Member of Parliament for Rimouski
- In office October 1950 – August 1953
- Preceded by: Gleason Belzile
- Succeeded by: Gérard Légaré

Personal details
- Born: Joseph Hervé Rousseau 22 October 1877 Trois-Pistoles, Quebec
- Died: 5 June 1964 (aged 86)
- Party: Independent Liberal
- Spouse(s): Belanger m. 8 May 1905 Yvonne Langis m. unknown
- Profession: notary

= Joseph Rousseau =

Canadian politician

Joseph Hervé Rousseau (22 October 1877 - 5 June 1964) was an Independent Liberal member of the House of Commons of Canada. He was born in Trois-Pistoles, Quebec and became a notary by career.
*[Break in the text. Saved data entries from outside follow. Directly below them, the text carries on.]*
text \<open>A multiplier with a nonzero coefficient at \<open>a\<^sub>i\<^sub>+\<^sub>1 - a\<^sub>i\<close> would move
  \<open>t\<^bsup>a\<^sub>j\<^esup> \<in> I\<^sub>i\<^sub>+\<^sub>2\<close> onto the gap \<open>a\<^sub>j + a\<^sub>i\<^sub>+\<^sub>1 - a\<^sub>i\<close>.\<close>
lemma lin_hom_sg_binomial_ideal_is_mult:
  assumes n: "1 \<le> sg_n H" and j: "i + 2 \<le> j" "j \<le> sg_n H"
    and not_in: "sg_elem H j + sg_elem H (i + 1) - sg_elem H i \<notin> H"
    and \<phi>: "\<phi> \<in> lin_hom (sg_ring H) (sg_ideal_module H (sg_binomial_ideal H i c))
      (sg_self_module H)"
  obtains q :: "'k::field fps"
  where "\<And>y. y \<in> sg_binomial_ideal H i c \<Longrightarrow> \<phi> y = q * y"
    and "q $ (sg_elem H (i + 1) - sg_elem H i) = 0"
proof -
  let ?J = "sg_binomial_ideal H i c"
  have ideal: "ideal ?J (sg_ring H)"
    using sg_elem_diff_notin[OF not_in] by (rule ideal_sg_binomial_ideal)
  have "sg_ideal_I H (sg_n H) \<subseteq> sg_ideal_I H (i + 2)" using j by (intro sg_ideal_I_antimono) simp
  then have "sg_ideal_I H (sg_n H) \<subseteq> ?J" using sg_ideal_I_subset_sg_binomial_ideal by blast
  then obtain q where q: "\<And>y. y \<in> ?J \<Longrightarrow> \<phi> y = q * y"
    using lin_hom_is_mult[OF n ideal_sg_ringD(1)[OF ideal] _ \<phi>] by blast
  define d where "d = sg_elem H (i + 1) - sg_elem H i"
  have d: "sg_elem H j + d = sg_elem H j + sg_elem H (i + 1) - sg_elem H i"
    unfolding d_def using sg_elem_less_iff[of i "i + 1"] by simp
  have "sg_elem H j \<in> sg_ge H (i + 2)" using j sg_elem_in by (simp add: sg_ge_def)
  then have "fps_X ^ sg_elem H j \<in> ?J"
    using sg_ideal_I_subset_sg_binomial_ideal X_power_in_sg_ideal_I by blast
  then have "q * fps_X ^ sg_elem H j \<in> sg_carrier H"
    using \<phi> q by (simp add: lin_hom_ideal_module_iff)
  moreover have "(q * fps_X ^ sg_elem H j) $ (sg_elem H j + d) = q $ d"
    by (simp add: fps_X_power_mult_right_nth)
  ultimately have "q $ d = 0" using not_in unfolding d by (auto simp: sg_carrier_def)
  with q that show thesis unfolding d_def by blast
qed

lemma hom_closed_sg_binomial_ideal:
  assumes n: "1 \<le> sg_n H" and j: "i + 2 \<le> j" "j \<le> sg_n H"
    and not_in: "sg_elem H j + sg_elem H (i + 1) - sg_elem H i \<notin> H"
  shows "hom_closed H (sg_binomial_ideal H i (c :: 'k::field))"
  unfolding hom_closed_def
proof (intro ballI image_subsetI)
  let ?J = "sg_binomial_ideal H i c" and ?g = "sg_binomial H i c"
  fix \<phi> :: "'k fps \<Rightarrow> 'k fps" and x
  assume \<phi>: "\<phi> \<in> lin_hom (sg_ring H) (sg_ideal_module H ?J) (sg_self_module H)" and x: "x \<in> ?J"
  obtain q where q: "\<And>y. y \<in> ?J \<Longrightarrow> \<phi> y = q * y" and q_d: "q $ (sg_elem H (i + 1) - sg_elem H i) = 0"
    using lin_hom_sg_binomial_ideal_is_mult[OF n j not_in \<phi>] by blast
  have mult_in: "q * y \<in> sg_carrier H" if "y \<in> ?J" for y
    using \<phi> that q[OF that, symmetric] by (simp add: lin_hom_ideal_module_iff)
  have "(q - fps_const (q $ 0)) * ?g = q * ?g - fps_const (q $ 0) * ?g" by (simp add: algebra_simps)
  also have "\<dots> \<in> sg_carrier H"
    by (intro sg_carrier_diff[OF mult_in[OF sg_binomial_in_sg_binomial_ideal]] sg_carrier_mult
        sg_carrier_const sg_binomial_in_carrier)
  finally have "(q - fps_const (q $ 0)) * ?g \<in> sg_ideal_I H (i + 2)"
    using q_d by (rule sg_binomial_multiple_in_sg_ideal_I)
  moreover have "q * y \<in> sg_ideal_I H (i + 2)" if "y \<in> sg_ideal_I H (i + 2)" for y
    using that sg_ideal_I_subset_sg_binomial_ideal by (intro sg_ideal_I_mult mult_in) blast+
  ultimately have "q * x \<in> ?J" by (rule mult_in_sg_binomial_ideal[OF x])
  then show "\<phi> x \<in> ?J" using q[OF x] by simp
qed

lemma sg_binomial_ideal_in_sg_calT:
  assumes n: "1 \<le> sg_n H" and j: "i + 2 \<le> j" "j \<le> sg_n H"
    and not_in: "sg_elem H j + sg_elem H (i + 1) - sg_elem H i \<notin> H"
  shows "sg_binomial_ideal H i (c :: 'k::field) \<in> sg_calT H"
  unfolding sg_calT_iff
proof (intro conjI)
  show "ideal (sg_binomial_ideal H i c) (sg_ring H)"
    using sg_elem_diff_notin[OF not_in] by (rule ideal_sg_binomial_ideal)
  show "hom_closed H (sg_binomial_ideal H i c)"
    using n j not_in by (rule hom_closed_sg_binomial_ideal)
  have "sg_binomial H i c $ sg_elem H i \<noteq> 0" by (simp add: sg_binomial_nth)
  then have "sg_binomial H i c \<noteq> 0" by (metis fps_zero_nth)
  then show "sg_binomial_ideal H i c \<noteq> {0}" using sg_binomial_in_sg_binomial_ideal by blast
qed

lemma sg_binomial_ideal_notin_sg_calI:
  assumes "c \<noteq> 0"
  shows "sg_binomial_ideal H i (c :: 'k::field) \<notin> sg_calI H"
proof
  assume "sg_binomial_ideal H i c \<in> sg_calI H"
  then obtain l where eq: "sg_binomial_ideal H i c = sg_ideal_I H l" unfolding sg_calI_def by blast
  show False
  proof (cases "l \<le> i")
    case True
    have "fps_X ^ sg_elem H i \<in> sg_ideal_I H l"
      using sg_ideal_I_antimono[OF True] X_power_sg_elem_in_sg_ideal_I by blast
    then have "(fps_X ^ sg_elem H i :: 'k fps) \<in> sg_binomial_ideal H i c" using eq by simp
    from sg_binomial_ideal_coeff[OF this] show False using assms by (simp add: fps_X_power_iff)
  next
    case False
    have "sg_binomial H i c \<in> sg_ideal_I H l" using eq sg_binomial_in_sg_binomial_ideal by blast
    moreover have "sg_elem H i < sg_elem H l" using False by simp
    ultimately have "sg_binomial H i c $ sg_elem H i = 0" unfolding sg_ideal_I_iff_vanishes by blast
    then show False by (simp add: sg_binomial_nth)
  qed
qed

lemma inj_sg_binomial_ideal: "inj (sg_binomial_ideal H i :: 'k::field \<Rightarrow> 'k fps set)"
proof (rule injI)
  fix c c' :: 'k
  assume "sg_binomial_ideal H i c = sg_binomial_ideal H i c'"
  then have "sg_binomial H i c \<in> sg_binomial_ideal H i c'"
    using sg_binomial_in_sg_binomial_ideal by blast
  from sg_binomial_ideal_coeff[OF this] show "c = c'" by (simp add: sg_binomial_nth)
qed

lemma finite_sg_calI: "finite (sg_calI H :: 'k::field fps set set)"
proof -
  have "(sg_calI H :: 'k fps set set) = sg_ideal_I H ` {..sg_n H}" unfolding sg_calI_def by auto
  then show ?thesis by simp
qed

lemma obtain_step_condition_failure:
  assumes "\<not> sg_step_condition H"
  obtains i j where "i + 2 \<le> j" "j \<le> sg_n H" "sg_elem H j + sg_elem H (i + 1) - sg_elem H i \<notin> H"
  using assms unfolding sg_step_condition_def by auto

lemma sg_calT_eq_sg_calI_iff:
  assumes n: "1 \<le> sg_n H"
  shows "(sg_calT H :: 'k::field fps set set) = sg_calI H \<longleftrightarrow> sg_step_condition H"
proof
  assume eq: "(sg_calT H :: 'k fps set set) = sg_calI H"
  show "sg_step_condition H"
  proof (rule ccontr)
    assume "\<not> sg_step_condition H"
    then obtain i j where "i + 2 \<le> j" "j \<le> sg_n H"
      and "sg_elem H j + sg_elem H (i + 1) - sg_elem H i \<notin> H"
      by (rule obtain_step_condition_failure)
    then have "sg_binomial_ideal H i (1 :: 'k) \<in> sg_calT H"
      using n by (intro sg_binomial_ideal_in_sg_calT)
    moreover have "sg_binomial_ideal H i (1 :: 'k) \<notin> sg_calI H"
      by (rule sg_binomial_ideal_notin_sg_calI) simp
    ultimately show False using eq by simp
  qed
next
  assume cond: "sg_step_condition H"
  show "(sg_calT H :: 'k fps set set) = sg_calI H"
  proof
    show "sg_calT H \<subseteq> (sg_calI H :: 'k fps set set)"
    proof
      fix J :: "'k fps set" assume "J \<in> sg_calT H"
      then have "ideal J (sg_ring H)" "J \<noteq> {0}" "hom_closed H J" unfolding sg_calT_iff by simp_all
      then obtain l where "l \<le> sg_n H" "J = sg_ideal_I H l"
        by (rule hom_closed_ideal_eq_sg_ideal_I[OF cond])
      then show "J \<in> sg_calI H" unfolding sg_calI_def by blast
    qed
    show "sg_calI H \<subseteq> (sg_calT H :: 'k fps set set)"
      unfolding sg_calI_def using sg_ideal_I_in_sg_calT[OF n] by blast
  qed
qed

lemma infinite_sg_calT:
  assumes n: "1 \<le> sg_n H" and cond: "\<not> sg_step_condition H"
    and k: "infinite (UNIV :: 'k::field set)"
  shows "infinite (sg_calT H :: 'k fps set set)"
proof -
  obtain i j where "i + 2 \<le> j" "j \<le> sg_n H" "sg_elem H j + sg_elem H (i + 1) - sg_elem H i \<notin> H"
    using cond by (rule obtain_step_condition_failure)
  then have "sg_binomial_ideal H i c \<in> sg_calT H" for c :: 'k
    using n by (intro sg_binomial_ideal_in_sg_calT)
  then have "range (sg_binomial_ideal H i :: 'k \<Rightarrow> 'k fps set) \<subseteq> sg_calT H" by blast
  moreover have "inj (sg_binomial_ideal H i :: 'k \<Rightarrow> 'k fps set)" by (rule inj_sg_binomial_ideal)
  then have "infinite (range (sg_binomial_ideal H i :: 'k \<Rightarrow> 'k fps set))"
    using k by (simp add: finite_image_iff)
  ultimately show ?thesis by (rule infinite_super)
qed

end

theorem theorem4p1:
  fixes H :: "nat set"
  assumes "numerical_semigroup H"
    and "sg_n H \<ge> 3"
  shows "((sg_calT H :: 'k::field fps set set) = sg_calI H
            \<longleftrightarrow> (\<forall>i \<in> {1..sg_n H - 2}.
                  ideal_prod (sg_ring H) (sg_ideal_I H i) (sg_ideal_I H (i + 2))
                  = (\<lambda>x. fps_X ^ sg_elem H i * x) ` (sg_ideal_I H (i + 2) :: 'k fps set)))
       \<and> ((\<forall>i \<in> {1..sg_n H - 2}.
                  ideal_prod (sg_ring H) (sg_ideal_I H i) (sg_ideal_I H (i + 2))
                  = (\<lambda>x. fps_X ^ sg_elem H i * x) ` (sg_ideal_I H (i + 2) :: 'k fps set))
            \<longleftrightarrow> (\<forall>i \<in> {1..sg_n H - 2}. \<forall>j \<in> {i + 2..sg_n H}.
                  sg_elem H j + sg_elem H (i + 1) - sg_elem H i \<in> H))
       \<and> (infinite (UNIV :: 'k set) \<longrightarrow>
            ((sg_calT H :: 'k fps set set) = sg_calI H \<longleftrightarrow> finite (sg_calT H :: 'k fps set set)))"
proof -
  interpret num_semigroup H by (rule num_semigroup.intro) fact
  have n: "1 \<le> sg_n H" using assms(2) by simp
  have products: "(\<forall>i \<in> {1..sg_n H - 2}.
                  ideal_prod (sg_ring H) (sg_ideal_I H i) (sg_ideal_I H (i + 2))
                  = (\<lambda>x. fps_X ^ sg_elem H i * x) ` (sg_ideal_I H (i + 2) :: 'k fps set))
      \<longleftrightarrow> sg_step_condition H"
    by (simp only: ideal_prod_sg_ideal_I_iff sg_step_condition_iff)
  have finite_iff: "sg_step_condition H \<longleftrightarrow> finite (sg_calT H :: 'k fps set set)"
    if "infinite (UNIV :: 'k set)"
    using sg_calT_eq_sg_calI_iff[OF n, where 'k = 'k] finite_sg_calI[where 'k = 'k]
      infinite_sg_calT[OF n _ that]
    by auto
  show ?thesis
    unfolding products sg_calT_eq_sg_calI_iff[OF n, where 'k = 'k] sg_step_condition_def[symmetric]
    using finite_iff by blast
qed

end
He was educated at Ste-Anne-de-la-Pocatière College, then at Université Laval where he received his Bachelor of Civil Law degree. For twelve years he was president of the Trois-Pistoles school commission, and once unsuccessfully campaigned for a seat in the Legislative Assembly of Quebec.

Rousseau was first elected to Parliament at the Rimouski riding in a by-election on 16 October 1950. After completing his term in the 21st Canadian Parliament he was defeated in the 1953 election by Gérard Légaré, the official Liberal party candidate on that occasion.